The captioning was just because I had finished Beta One by the time I was doing data prep, so I figured I should swap over. My hope is that the increased performance and variety of Beta One would imbue this model with more flexibility in prompting. However, since the text encoders were frozen I'm not sure there will be any meaningful impact here.
More data is more gooder. Most importantly, I dumped a good chunk of images in that had pre-existing alt text, and were carefully balanced to have as wide a variety of concepts as possible. This was meant to help expand the variety of images and captioning styles the model sees during training.
The inclusion of anime was done for two reasons. One is that it'd be nice to have a unified model, rather than an ecosystem split between photoreal and non-photoreal. The big gorilla models (like GPT 4o) can certainly do both modalities equally, so it's at least possible. The second reason is that I want the photoreal half to inherit concepts from the anime/furry side. The latter tends to have a much larger range of content and concepts. Photoreal datasets are more limited by comparison, and that makes it difficult for models trained on them to be creative.
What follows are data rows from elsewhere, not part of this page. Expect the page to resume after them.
lemma is_kernelI:
  assumes f: "f \<in> hom C A B" and k: "k \<in> hom C K A" and "mono C k" and fk: "f \<cdot> k = zero C K B"
    and factor: "\<And>X g. g \<in> hom C X A \<Longrightarrow> f \<cdot> g = zero C X B \<Longrightarrow> \<exists>h \<in> hom C X K. k \<cdot> h = g"
  shows "is_kernel C f k"
  unfolding is_kernel_def
proof (intro conjI ballI impI)
  fix g assume "g \<in> Arr C" "cod C g = dom C f" "f \<cdot> g = zero C (dom C g) (cod C f)"
  then have g: "g \<in> hom C (dom C g) A" and fg: "f \<cdot> g = zero C (dom C g) B"
    using f unfolding hom_def by auto
  obtain h where h: "h \<in> hom C (dom C g) K" "k \<cdot> h = g" using factor[OF g fg] by blast
  have K: "dom C k = K" using k unfolding hom_def by simp
  show "\<exists>!h. h \<in> hom C (dom C g) (dom C k) \<and> k \<cdot> h = g"
  proof (rule ex1I[of _ h])
    fix h' assume "h' \<in> hom C (dom C g) (dom C k) \<and> k \<cdot> h' = g"
    then show "h' = h" using mono_cancel[OF \<open>mono C k\<close> k _ h(1)] h(2) K by auto
  qed (use h K in simp)
qed (use f k fk in \<open>auto simp: hom_def\<close>)

lemma is_cokernel_hom:
  "is_cokernel C f c \<Longrightarrow> f \<in> hom C A B \<Longrightarrow> c \<in> hom C B (cod C c) \<and> c \<cdot> f = zero C A (cod C c)"
  unfolding is_cokernel_def hom_def by (elim conjE) simp

lemma is_cokernel_factor:
  assumes "is_cokernel C f c" and "f \<in> hom C A B" and "g \<in> hom C B Y" and "g \<cdot> f = zero C A Y"
  shows "\<exists>!h. h \<in> hom C (cod C c) Y \<and> h \<cdot> c = g"
  using assms unfolding is_cokernel_def hom_def by (elim conjE) (drule bspec[where x = g], simp_all)

lemma cokernel_epi:
  assumes coker: "is_cokernel C f c" and f: "f \<in> hom C A B"
  shows "epi C c"
proof -
  have c: "c \<in> hom C B (cod C c)" and cf: "c \<cdot> f = zero C A (cod C c)"
    using is_cokernel_hom[OF coker f] by auto
  show ?thesis
  proof (rule epiI[OF c])
    fix Y g h assume g: "g \<in> hom C (cod C c) Y" and h: "h \<in> hom C (cod C c) Y" and eq: "g \<cdot> c = h \<cdot> c"
    have "(g \<cdot> c) \<cdot> f = zero C A Y"
      using comp_assoc[OF f c g] cf comp_zero_right[OF g] hom_obj[OF f] by simp
    then have uniq: "\<exists>!u. u \<in> hom C (cod C c) Y \<and> u \<cdot> c = g \<cdot> c"
      using is_cokernel_factor[OF coker f comp_in_hom[OF c g]] by simp
    show "g = h" using the1_equality[OF uniq, of g] the1_equality[OF uniq, of h] g h eq by simp
  qed
qed

lemma is_cokernelI:
  assumes f: "f \<in> hom C A B" and c: "c \<in> hom C B Q" and "epi C c" and cf: "c \<cdot> f = zero C A Q"
    and factor: "\<And>Y g. g \<in> hom C B Y \<Longrightarrow> g \<cdot> f = zero C A Y \<Longrightarrow> \<exists>h \<in> hom C Q Y. h \<cdot> c = g"
  shows "is_cokernel C f c"
  unfolding is_cokernel_def
proof (intro conjI ballI impI)
  fix g assume "g \<in> Arr C" "dom C g = cod C f" "g \<cdot> f = zero C (dom C f) (cod C g)"
  then have g: "g \<in> hom C B (cod C g)" and gf: "g \<cdot> f = zero C A (cod C g)"
    using f unfolding hom_def by auto
  obtain h where h: "h \<in> hom C Q (cod C g)" "h \<cdot> c = g" using factor[OF g gf] by blast
  have Q: "cod C c = Q" using c unfolding hom_def by simp
  show "\<exists>!h. h \<in> hom C (cod C c) (cod C g) \<and> h \<cdot> c = g"
  proof (rule ex1I[of _ h])
    fix h' assume "h' \<in> hom C (cod C c) (cod C g) \<and> h' \<cdot> c = g"
    then show "h' = h" using epi_cancel[OF \<open>epi C c\<close> c _ h(1)] h(2) Q by auto
  qed (use h Q in simp)
qed (use f c cf in \<open>auto simp: hom_def\<close>)
lemma exp_series_coeff_phi_coef: "exp_series_coeff (phi_coef t) m = (if m = 0 then 1 else 1 + t)"
proof (induction m rule: less_induct)
  case (less m)
  show ?case
  proof (cases m)
    case 0 then show ?thesis by (simp add: exp_series_coeff_def)
  next
    case (Suc n)
    have c: "of_nat (i + 1) * phi_coef t (i + 1) = 1 - (-t) ^ (i + 1)" for i
      unfolding phi_coef_def by (simp del: of_nat_Suc)
    have "of_nat m * exp_series_coeff (phi_coef t) m = (\<Sum>i<m. of_nat (i + 1) * phi_coef t (i + 1) * exp_series_coeff (phi_coef t) (m - 1 - i))"
      using exp_series_coeff_rec[of m "phi_coef t"] Suc by simp
    also have "\<dots> = (\<Sum>i<Suc n. (1 - (-t) ^ (i + 1)) * exp_series_coeff (phi_coef t) (m - 1 - i))"
      unfolding c Suc by (rule refl)
    also have "\<dots> = (\<Sum>i<n. (1 - (-t) ^ (i + 1)) * (1 + t)) + (1 - (-t) ^ (n + 1))"
    proof -
      have "exp_series_coeff (phi_coef t) (m - 1 - i) = 1 + t" if "i < n" for i
        using less.IH[of "m - 1 - i"] that Suc by auto
      moreover have "exp_series_coeff (phi_coef t) (m - 1 - n) = 1"
        using less.IH[of "m - 1 - n"] Suc by auto
      ultimately show ?thesis by simp
    qed
    also have "\<dots> = of_nat n * (1 + t) - (1 + t) * (\<Sum>i<n. (-t) ^ (i + 1)) + (1 - (-t) ^ (n + 1))"
    proof -
      have "(\<Sum>i<n. (1 - (-t) ^ (i + 1)) * (1 + t)) = (\<Sum>i<n. (1 + t)) - (\<Sum>i<n. (-t) ^ (i + 1) * (1 + t))"
        unfolding left_diff_distrib mult.left_neutral sum_subtractf by (rule refl)
      also have "\<dots> = of_nat n * (1 + t) - (1 + t) * (\<Sum>i<n. (-t) ^ (i + 1))"
        unfolding sum_constant card_lessThan sum_distrib_left by (simp add: mult.commute)
      finally show ?thesis by simp
    qed
    also have "\<dots> = of_nat m * (1 + t)"
      unfolding one_plus_times_geometric_sum using Suc by (simp add: algebra_simps)
    finally have "of_nat m * exp_series_coeff (phi_coef t) m = of_nat m * (1 + t)" .
    moreover have nz: "(of_nat m :: complex) \<noteq> 0" using Suc by (simp del: of_nat_Suc)
    ultimately have "exp_series_coeff (phi_coef t) m = 1 + t" by (simp only: mult_left_cancel[OF nz])
    then show ?thesis using Suc by simp
  qed
qed

text \<open>The coefficients of \<open>(1 + t y) / (1 - y)\<close>, extended by \<open>0\<close> to negative degrees.\<close>
definition hop_weight :: "complex \<Rightarrow> int \<Rightarrow> complex" where
  "hop_weight t m = (if m < 0 then 0 else if m = 0 then 1 else 1 + t)"

lemma exp_series_coeff_phi_coef_eq_hop_weight: "exp_series_coeff (phi_coef t) m = hop_weight t (int m)"
  unfolding exp_series_coeff_phi_coef hop_weight_def by simp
Flow Matching is the objective used by most modern models, like Flux. It comes with the benefit of higher quality generations, but also a fixed noise schedule. SDXL's noise schedule is broken, which results in a variety of issues but most pronounced is its worse structure generation. That's the main source of SDXL based models tending towards duplicated limbs, melted objects, and "little buddies." It also prevents SDXL from generating images with good dynamic range, or dark images, or light images. Switching to Flow Matching fixes all of that.
More training is more bester. One of the biggest issues with v2 (and v1) is how often it produces failed gens. After much experimenting, I determined that this was down to two main things: SDXL's broken noise schedule and, more importantly, not enough training. Models like PonyXL were trained for much longer than v2. By increasing the training time from 40M samples to 150M samples, v2.5 is now in the ballpark of PonyXL's training.
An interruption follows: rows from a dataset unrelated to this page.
definition box_E4 :: "nat set \<Rightarrow> nat set" where
  "box_E4 Y = (if \<exists>a. Box a \<in> set S \<and> Y = extension a
    then extension (Box (SOME a. Box a \<in> set S \<and> Y = extension a)) else Y)"

lemma box_E4_extension:
  assumes "Box a \<in> set S"
  shows "box_E4 (extension a) = extension (Box a)"
proof -
  let ?P = "\<lambda>b. Box b \<in> set S \<and> extension a = extension b"
  have "?P (SOME b. ?P b)"
    using assms by (intro someI[of ?P a]) simp
  then have "extension (Box (SOME b. ?P b)) = extension (Box a)"
    using assms by (intro extension_Box_cong) auto
  then show ?thesis
    using assms unfolding box_E4_def by auto
qed

lemma is_filtration_box_E4: "is_filtration box_E4"
  unfolding is_filtration_def using box_E4_extension
  by (auto simp: box_E4_def extension_subset_worlds)

lemma box_E4_4:
  assumes "ax4 \<in> L"
  shows "box_E4 Y \<subseteq> box_E4 (box_E4 Y)"
proof (cases "\<exists>a. Box a \<in> set S \<and> Y = extension a")
  case True
  then obtain a where a: "Box a \<in> set S" "Y = extension a"
    by blast
  show ?thesis
  proof (cases "\<exists>b. Box b \<in> set S \<and> extension (Box a) = extension b")
    case True
    then obtain b where b: "Box b \<in> set S" "extension (Box a) = extension b"
      by blast
    have "Iff (Box a) b \<in> L"
      using a(1) b Box_closed extension_eq_iff by blast
    then have "Iff (Box (Box a)) (Box b) \<in> L"
      by (rule logic_RE[OF logic])
    moreover have "Imp (Box a) (Box (Box a)) \<in> L"
      by (rule ax4_instance[OF logic assms])
    ultimately have "Imp (Box a) (Box b) \<in> L"
      by (rule logic_consequence2[OF logic]) auto
    then have "extension (Box a) \<subseteq> extension (Box b)"
      using a(1) b(1) extension_subset_iff by blast
    then show ?thesis
      using a b by (simp add: box_E4_extension)
  next
    case False
    then have "box_E4 (extension (Box a)) = extension (Box a)"
      unfolding box_E4_def by (simp only: if_False)
    then show ?thesis
      using a by (simp add: box_E4_extension)
  qed
next
  case False
  then have "box_E4 Y = Y"
    unfolding box_E4_def by (simp only: if_False)
  then show ?thesis
    by simp
qed

definition box_S04 :: "nat set \<Rightarrow> nat set" where
  "box_S04 Y = \<Union> {extension (Box a) |a. Box a \<in> set S \<and> extension (Box a) \<subseteq> Y}"

lemma is_filtration_box_S04:
  assumes "ax4 \<in> L" "axT \<in> L" "axM \<in> L"
  shows "is_filtration box_S04"
  unfolding is_filtration_def
proof (intro conjI allI impI)
  show "box_S04 Y \<subseteq> worlds" for Y
    unfolding box_S04_def using extension_subset_worlds by blast
  fix a
  assume a: "Box a \<in> set S"
  then have a': "a \<in> set S"
    by (rule Box_closed)
  have "extension (Box b) \<subseteq> extension (Box a)"
    if b: "Box b \<in> set S" "extension (Box b) \<subseteq> extension a" for b
  proof -
    have "Imp (Box b) a \<in> L"
      using b a' extension_subset_iff by blast
    then have "Imp (Box (Box b)) (Box a) \<in> L"
      by (rule logic_RM[OF logic assms(3)])
    moreover have "Imp (Box b) (Box (Box b)) \<in> L"
      by (rule ax4_instance[OF logic assms(1)])
    ultimately have "Imp (Box b) (Box a) \<in> L"
      by (rule logic_consequence2[OF logic]) auto
    then show ?thesis
      using a b(1) extension_subset_iff by blast
  qed
  moreover have "extension (Box a) \<subseteq> extension a"
    using a a' axT_instance[OF logic assms(2)] extension_subset_iff by blast
  ultimately show "box_S04 (extension a) = extension (Box a)"
    unfolding box_S04_def using a by blast
qed

definition core :: "nat \<Rightarrow> nat set" where
  "core i = {j \<in> worlds. \<forall>b. Box b \<in> type_at i \<longrightarrow> b \<in> type_at j \<and> Box b \<in> type_at j}"

definition box_EMC4 :: "nat set \<Rightarrow> nat set" where
  "box_EMC4 Y = {i \<in> worlds. Box Top \<in> type_at i \<and> core i \<subseteq> Y}"

lemma box_EMC4_4: "box_EMC4 Y \<subseteq> box_EMC4 (box_EMC4 Y)"
  unfolding box_EMC4_def core_def by blast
As for the frozen text encoders, I didn't actually intend that to be a feature of this model. It was basically a result of me trying to deal with training instabilities.
What Worked and What Didn't
The biggest change was Flow Matching. People have transitioned SDXL over to other objectives before, like v-pred, but I don't think anyone has tried switching it to Flow Matching. Well ... it works. And I think this was a success. It's hard to know if Flow Matching helps SDXL's output quality, since results are conflated with more training, but it definitely helped the dynamic range of images, which I'm greatly enjoying. And, as noted above, the fixed noise schedule is likely a big part of why v2.5 has fewer mangled generations compared to v2.
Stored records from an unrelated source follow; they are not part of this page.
(* Let $m\ge 1$ and $k\ge 1$ be integers with $\gcd(k,\tau(m))=1$. Then $\sigma(m)$ divides $\sigma_k(m)$. In particular, if $m$ is multiperfect (i.e. $m\mid\sigma(m)$), then $m\mid\sigma_k(m)$ for every $k\ge 1$ coprime to $\tau(m)$. Consequently, if $m$ is multiperfect and $\tau(m)$ is a power of $2$, then $m\mid\sigma_k(m)$ for every odd $k\ge 1$.
   Context: For integers $k\ge 0$ and $n\ge 1$, $\sigma_k(n)=\sum_{d\mid n} d^k$, and $\sigma=\sigma_1$. $\tau(n)=\sigma_0(n)$ is the number of positive divisors of $n$. *)

theory Defs
  imports Main
begin

text \<open>sigma_k(n) = sum of d^k over positive divisors d of n (intended for n >= 1).\<close>
definition divisor_sigma :: "nat \<Rightarrow> nat \<Rightarrow> nat" where
  "divisor_sigma k n = (\<Sum>d\<in>{d. d dvd n}. d ^ k)"

definition sigma :: "nat \<Rightarrow> nat" where
  "sigma n = divisor_sigma 1 n"

definition tau :: "nat \<Rightarrow> nat" where
  "tau n = divisor_sigma 0 n"

end

theory Submission
  imports Defs "HOL-Number_Theory.Number_Theory"
begin

text \<open>The divisor sums are multiplicative and \<open>\<tau>(m)\<close> factors accordingly, so it suffices
  to treat \<open>m = p^a\<close>. With \<open>n = a + 1 = \<tau>(p^a)\<close> we have \<open>\<sigma>(p^a) = \<Sum>i<n. p^i\<close> and
  \<open>\<sigma>\<^sub>k(p^a) = \<Sum>i<n. p^(i k)\<close>. Since \<open>\<sigma>(p^a)\<close> divides \<open>p^n - 1\<close>, we may reduce the exponent
  \<open>i k\<close> modulo \<open>n\<close>; as \<open>k\<close> is coprime to \<open>n\<close>, \<open>i \<mapsto> i k mod n\<close> permutes \<open>{0..<n}\<close>, so
  \<open>\<sigma>\<^sub>k(p^a) \<equiv> \<sigma>(p^a) (mod \<sigma>(p^a))\<close>.\<close>

lemma bij_betw_mult_mod_lessThan:
  fixes n k :: nat
  assumes "n > 0" "coprime k n"
  shows "bij_betw (\<lambda>i. i * k mod n) {..<n} {..<n}"
proof -
  have inj: "inj_on (\<lambda>i. i * k mod n) {..<n}"
  proof (rule inj_onI)
    fix i j assume "i \<in> {..<n}" "j \<in> {..<n}" "i * k mod n = j * k mod n"
    then have "[i * k = j * k] (mod n)" by (simp add: cong_def)
    then have "[i = j] (mod n)" using cong_mult_rcancel_nat[OF assms(2)] by simp
    with \<open>i \<in> {..<n}\<close> \<open>j \<in> {..<n}\<close> show "i = j" by (simp add: cong_def)
  qed
  moreover have "(\<lambda>i. i * k mod n) ` {..<n} = {..<n}"
    using assms(1) card_image[OF inj] by (intro card_subset_eq) auto
  ultimately show ?thesis by (simp add: bij_betw_def)
qed

lemma geometric_sum_dvd_geometric_sum_mult_exp:
  fixes x :: "'a :: comm_ring_1" and n k :: nat
  assumes "n > 0" "coprime k n"
  shows "(\<Sum>i<n. x ^ i) dvd (\<Sum>i<n. x ^ (i * k))"
proof -
  let ?S = "\<Sum>i<n. x ^ i"
  have S_reindex: "?S = (\<Sum>i<n. x ^ (i * k mod n))"
    using sum.reindex_bij_betw[OF bij_betw_mult_mod_lessThan[OF assms], of "power x"] by simp
  have S_dvd: "?S dvd x ^ n - 1"
    using power_diff_1_eq[of x n] by simp
  have "x ^ n - 1 dvd x ^ (i * k) - x ^ (i * k mod n)" for i
  proof -
    have "x ^ (i * k) = x ^ (i * k mod n) * (x ^ n) ^ (i * k div n)"
      by (metis mod_div_mult_eq mult.commute power_add power_mult)
    then have "x ^ (i * k) - x ^ (i * k mod n) = x ^ (i * k mod n) * ((x ^ n) ^ (i * k div n) - 1)"
      by (simp add: algebra_simps)
    moreover have "x ^ n - 1 dvd (x ^ n) ^ (i * k div n) - 1"
      using power_diff_1_eq[of "x ^ n" "i * k div n"] by simp
    ultimately show ?thesis by simp
  qed
  then have "x ^ n - 1 dvd (\<Sum>i<n. x ^ (i * k)) - ?S"
    unfolding S_reindex sum_subtractf[symmetric] by (intro dvd_sum) auto
  then have "?S dvd (\<Sum>i<n. x ^ (i * k)) - ?S"
    using S_dvd dvd_trans by blast
  then have "?S dvd ((\<Sum>i<n. x ^ (i * k)) - ?S) + ?S"
    by (rule dvd_add) simp
  then show ?thesis by simp
qed

lemma geometric_sum_dvd_geometric_sum_mult_exp_nat:
  fixes x n k :: nat
  assumes "n > 0" "coprime k n"
  shows "(\<Sum>i<n. x ^ i) dvd (\<Sum>i<n. x ^ (i * k))"
proof -
  have "(\<Sum>i<n. int x ^ i) dvd (\<Sum>i<n. int x ^ (i * k))"
    by (rule geometric_sum_dvd_geometric_sum_mult_exp[OF assms])
  then have "int (\<Sum>i<n. x ^ i) dvd int (\<Sum>i<n. x ^ (i * k))" by simp
  then show ?thesis by (simp only: int_dvd_int_iff)
qed

lemma divisor_sigma_prime_power:
  fixes p a k :: nat
  assumes "prime p"
  shows "divisor_sigma k (p ^ a) = (\<Sum>i<Suc a. p ^ (i * k))"
proof -
  have divisors: "{d. d dvd p ^ a} = power p ` {..<Suc a}"
    using divides_primepow_nat[OF assms] by (auto simp: less_Suc_eq_le)
  have "inj_on (power p) {..<Suc a}"
    using prime_gt_1_nat[OF assms] by (auto simp: inj_on_def power_inject_exp)
  then show ?thesis
    unfolding divisor_sigma_def divisors by (simp add: sum.reindex power_mult mult.commute)
qed

lemma divisor_sigma_mult_coprime:
  fixes a b k :: nat
  assumes "coprime a b" "a > 0" "b > 0"
  shows "divisor_sigma k (a * b) = divisor_sigma k a * divisor_sigma k b"
proof -
  let ?D = "{d. d dvd a} \<times> {d. d dvd b}"
  have divisors: "{d. d dvd a * b} = (\<lambda>(x, y). x * y) ` ?D"
    by (auto dest: division_decomp intro: mult_dvd_mono)
  have "inj_on (\<lambda>(x, y). x * y) ?D"
  proof (rule inj_onI, clarify)
    fix x1 y1 x2 y2 :: nat
    assume h: "x1 dvd a" "y1 dvd b" "x2 dvd a" "y2 dvd b" "x1 * y1 = x2 * y2"
    have "gcd (x * y) a = x" if "x dvd a" "y dvd b" for x y
      using gcd_mult_left_right_cancel[OF coprime_divisors[OF dvd_refl \<open>y dvd b\<close> assms(1)]]
        \<open>x dvd a\<close> by (simp add: gcd_nat.absorb1)
    then have "x1 = x2" using h by (metis (no_types))
    moreover have "x1 > 0" using h(1) assms(2) by (auto intro: gr0I)
    ultimately show "x1 = x2 \<and> y1 = y2" using h(5) by simp
  qed
  then have "divisor_sigma k (a * b) = (\<Sum>(x, y)\<in>?D. (x * y) ^ k)"
    unfolding divisor_sigma_def divisors by (simp add: sum.reindex case_prod_unfold)
  also have "\<dots> = (\<Sum>x\<in>{d. d dvd a}. \<Sum>y\<in>{d. d dvd b}. x ^ k * y ^ k)"
    by (simp add: sum.cartesian_product power_mult_distrib)
  also have "\<dots> = divisor_sigma k a * divisor_sigma k b"
    unfolding divisor_sigma_def by (simp add: sum_product)
  finally show ?thesis .
qed

lemma tau_prime_power: "prime p \<Longrightarrow> tau (p ^ a) = Suc a"
  by (simp add: tau_def divisor_sigma_prime_power)

lemma tau_mult_coprime: "coprime a b \<Longrightarrow> a > 0 \<Longrightarrow> b > 0 \<Longrightarrow> tau (a * b) = tau a * tau b"
  by (simp add: tau_def divisor_sigma_mult_coprime)

lemma sigma_mult_coprime: "coprime a b \<Longrightarrow> a > 0 \<Longrightarrow> b > 0 \<Longrightarrow> sigma (a * b) = sigma a * sigma b"
  by (simp add: sigma_def divisor_sigma_mult_coprime)

lemma sigma_dvd_divisor_sigma_prime_power:
  assumes "prime p" "coprime k (tau (p ^ a))"
  shows "sigma (p ^ a) dvd divisor_sigma k (p ^ a)"
  using geometric_sum_dvd_geometric_sum_mult_exp_nat[of "Suc a" k p] assms
  by (simp add: sigma_def divisor_sigma_prime_power tau_prime_power)

lemma split_prime_power_factor:
  fixes m :: nat
  assumes "m > 1"
  obtains p a r where "prime p" "a > 0" "r > 0" "r < m" "coprime (p ^ a) r" "m = p ^ a * r"
proof -
  obtain p where p: "prime p" "p dvd m"
    using assms prime_factor_nat by (metis less_irrefl)
  define a where "a = multiplicity p m"
  obtain r where r: "m = p ^ a * r" "\<not> p dvd r"
    using multiplicity_decompose'[of m p] assms p(1) not_prime_unit unfolding a_def
    by (metis not_one_less_zero)
  have "a > 0" using p assms unfolding a_def
    by (metis multiplicity_gt_zero_iff not_one_less_zero not_prime_unit)
  then have "p ^ a > 1" using prime_gt_1_nat[OF p(1)] by (metis one_less_power)
  moreover have "r > 0" using r(1) assms by (auto intro: gr0I)
  ultimately have "r < m" using r(1) by simp
  moreover have "coprime (p ^ a) r"
    using p(1) r(2) by (simp add: prime_imp_coprime coprime_power_left_iff)
  ultimately show thesis using that p(1) \<open>a > 0\<close> \<open>r > 0\<close> r(1) by blast
qed

lemma sigma_dvd_divisor_sigma:
  fixes m k :: nat
  assumes "m > 0" "coprime k (tau m)"
  shows "sigma m dvd divisor_sigma k m"
  using assms
proof (induction m rule: less_induct)
  case (less m)
  show ?case
  proof (cases "m = 1")
    case True
    then show ?thesis by (simp add: sigma_def divisor_sigma_def)
  next
    case False
    with less.prems(1) have "m > 1" by simp
    then obtain p a r where
      pr: "prime p" "a > 0" "r > 0" "r < m" "coprime (p ^ a) r" and m: "m = p ^ a * r"
      by (rule split_prime_power_factor)
    have pa: "p ^ a > 0" using prime_gt_0_nat[OF pr(1)] by simp
    have "coprime k (tau (p ^ a))" "coprime k (tau r)"
      using less.prems(2) unfolding m tau_mult_coprime[OF pr(5) pa pr(3)] by simp_all
    then have "sigma (p ^ a) * sigma r dvd divisor_sigma k (p ^ a) * divisor_sigma k r"
      using sigma_dvd_divisor_sigma_prime_power[OF pr(1)] less.IH[OF pr(4,3)] by (intro mult_dvd_mono)
    then show ?thesis
      unfolding m sigma_mult_coprime[OF pr(5) pa pr(3)] divisor_sigma_mult_coprime[OF pr(5) pa pr(3)] .
  qed
qed

theorem mainTheorem5:
  shows "(\<forall>m k::nat. m \<ge> 1 \<longrightarrow> k \<ge> 1 \<longrightarrow> coprime k (tau m)
            \<longrightarrow> sigma m dvd divisor_sigma k m)
       \<and> (\<forall>m k::nat. m \<ge> 1 \<longrightarrow> m dvd sigma m \<longrightarrow> k \<ge> 1 \<longrightarrow> coprime k (tau m)
            \<longrightarrow> m dvd divisor_sigma k m)
       \<and> (\<forall>m k::nat. m \<ge> 1 \<longrightarrow> m dvd sigma m \<longrightarrow> (\<exists>j. tau m = 2 ^ j)
            \<longrightarrow> k \<ge> 1 \<longrightarrow> odd k \<longrightarrow> m dvd divisor_sigma k m)"
proof (intro conjI allI impI)
  fix m k :: nat
  assume "m \<ge> 1" "coprime k (tau m)"
  then show "sigma m dvd divisor_sigma k m" by (simp add: sigma_dvd_divisor_sigma)
next
  fix m k :: nat
  assume "m \<ge> 1" "m dvd sigma m" "coprime k (tau m)"
  then show "m dvd divisor_sigma k m"
    using sigma_dvd_divisor_sigma[of m k] dvd_trans by simp
next
  fix m k :: nat
  assume "m \<ge> 1" "m dvd sigma m" "\<exists>j. tau m = 2 ^ j" "odd k"
  then obtain j where "tau m = 2 ^ j" by blast
  with \<open>odd k\<close> have "coprime k (tau m)" by (simp add: coprime_power_right_iff)
  with \<open>m \<ge> 1\<close> \<open>m dvd sigma m\<close> show "m dvd divisor_sigma k m"
    using sigma_dvd_divisor_sigma[of m k] dvd_trans by simp
qed

end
More training almost certainly helped the model as well. Combined, v2.5's failed gen rates have drastically lowered.
More data and adding anime/etc data does seem to have expanded the model's concepts and creatively. I'm able to generate a much wider array of artsy and creative, yet still photorealistic, images.
However, v2.5 did not gain any real ability to actually generate non-photoreal content. My attempts to use it for anime-style gens have been wholly unsuccessful. Quite odd.
Freezing the text encoders is both a blessing and curse. By keeping the text encoders frozen, they retain all of their knowledge and robustness gained from the scale of their original training. That's quite useful and beneficial, especially for experiments like mine that do not have that kind of scale.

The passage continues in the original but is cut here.